definition vertical_edge :: "pt list \<Rightarrow> nat \<Rightarrow> bool" where
  "vertical_edge vs i \<longleftrightarrow> fst (vtx vs i) = fst (vtx vs (Suc i))"

definition horizontal_edge :: "pt list \<Rightarrow> nat \<Rightarrow> bool" where
  "horizontal_edge vs i \<longleftrightarrow> snd (vtx vs i) = snd (vtx vs (Suc i))"

definition left_outside :: "pt list \<Rightarrow> nat \<Rightarrow> bool" where
  "left_outside vs i \<longleftrightarrow>
     (\<forall>p\<in>open_segment (vtx vs i) (vtx vs (Suc i)). \<exists>e>0. \<forall>t. 0 < t \<and> t < e \<longrightarrow>
        p - (t, 0) \<notin> poly_region vs)"

definition above_outside :: "pt list \<Rightarrow> nat \<Rightarrow> bool" where
  "above_outside vs i \<longleftrightarrow>
     (\<forall>p\<in>open_segment (vtx vs i) (vtx vs (Suc i)). \<exists>e>0. \<forall>t. 0 < t \<and> t < e \<longrightarrow>
        p + (0, t) \<notin> poly_region vs)"

definition left_knob :: "pt list \<Rightarrow> nat \<Rightarrow> bool" where
  "left_knob vs i \<longleftrightarrow> knob vs i \<and> vertical_edge vs i \<and> left_outside vs i"

definition right_knob :: "pt list \<Rightarrow> nat \<Rightarrow> bool" where
  "right_knob vs i \<longleftrightarrow> knob vs i \<and> vertical_edge vs i \<and> \<not> left_outside vs i"

definition top_knob :: "pt list \<Rightarrow> nat \<Rightarrow> bool" where
  "top_knob vs i \<longleftrightarrow> knob vs i \<and> horizontal_edge vs i \<and> above_outside vs i"

definition bottom_knob :: "pt list \<Rightarrow> nat \<Rightarrow> bool" where
  "bottom_knob vs i \<longleftrightarrow> knob vs i \<and> horizontal_edge vs i \<and> \<not> above_outside vs i"

end

theory Submission
  imports Defs
begin

text \<open>The boundary of P is a simple closed polygonal curve, so by the Jordan curve theorem P is the
  complement of the unbounded component of the complement of its boundary, and every boundary point
  is a limit both of points inside and of points outside. Hence near a point in the middle of a
  vertical edge exactly one side of the edge lies in P, and a right knob is a vertical knob with
  P immediately to its left.

  Near a left knob, P lies to the right of the line of the knob. The vertical slice of P through
  the knob is a segment, hence it is the knob itself, and the connectedness of P then forces all
  of P into the closed half-plane to the right of that line. Two left knobs would thus lie on the
  same vertical line and overlap. Conversely, the vertical edge at a vertex of minimal abscissa
  is a left knob. A rotation by a right angle turns top knobs into left knobs, and rotating twice
  turns right knobs into left knobs.\<close>

lemma closed_segment_vertical:
  "closed_segment (a, y1) (a, y2) = {p :: pt. fst p = a \<and> snd p \<in> closed_segment y1 y2}"
  by (auto simp: closed_segment_def algebra_simps) (metis add.commute)

lemma closed_segment_horizontal:
  "closed_segment (x1, b) (x2, b) = {p :: pt. snd p = b \<and> fst p \<in> closed_segment x1 x2}"
  by (auto simp: closed_segment_def algebra_simps) (metis add.commute)

lemma open_segment_vertical:
  "open_segment (a, y1) (a, y2) = {p :: pt. fst p = a \<and> snd p \<in> open_segment y1 y2}"
  by (auto simp: open_segment_def closed_segment_vertical)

● About this exercise
Which lines in the listing above hold the word "knobs"? Show each of them.

● Output
  of P into the closed half-plane to the right of that line. Two left knobs would thus lie on the
  is a left knob. A rotation by a right angle turns top knobs into left knobs, and rotating twice
  turns right knobs into left knobs.\<close>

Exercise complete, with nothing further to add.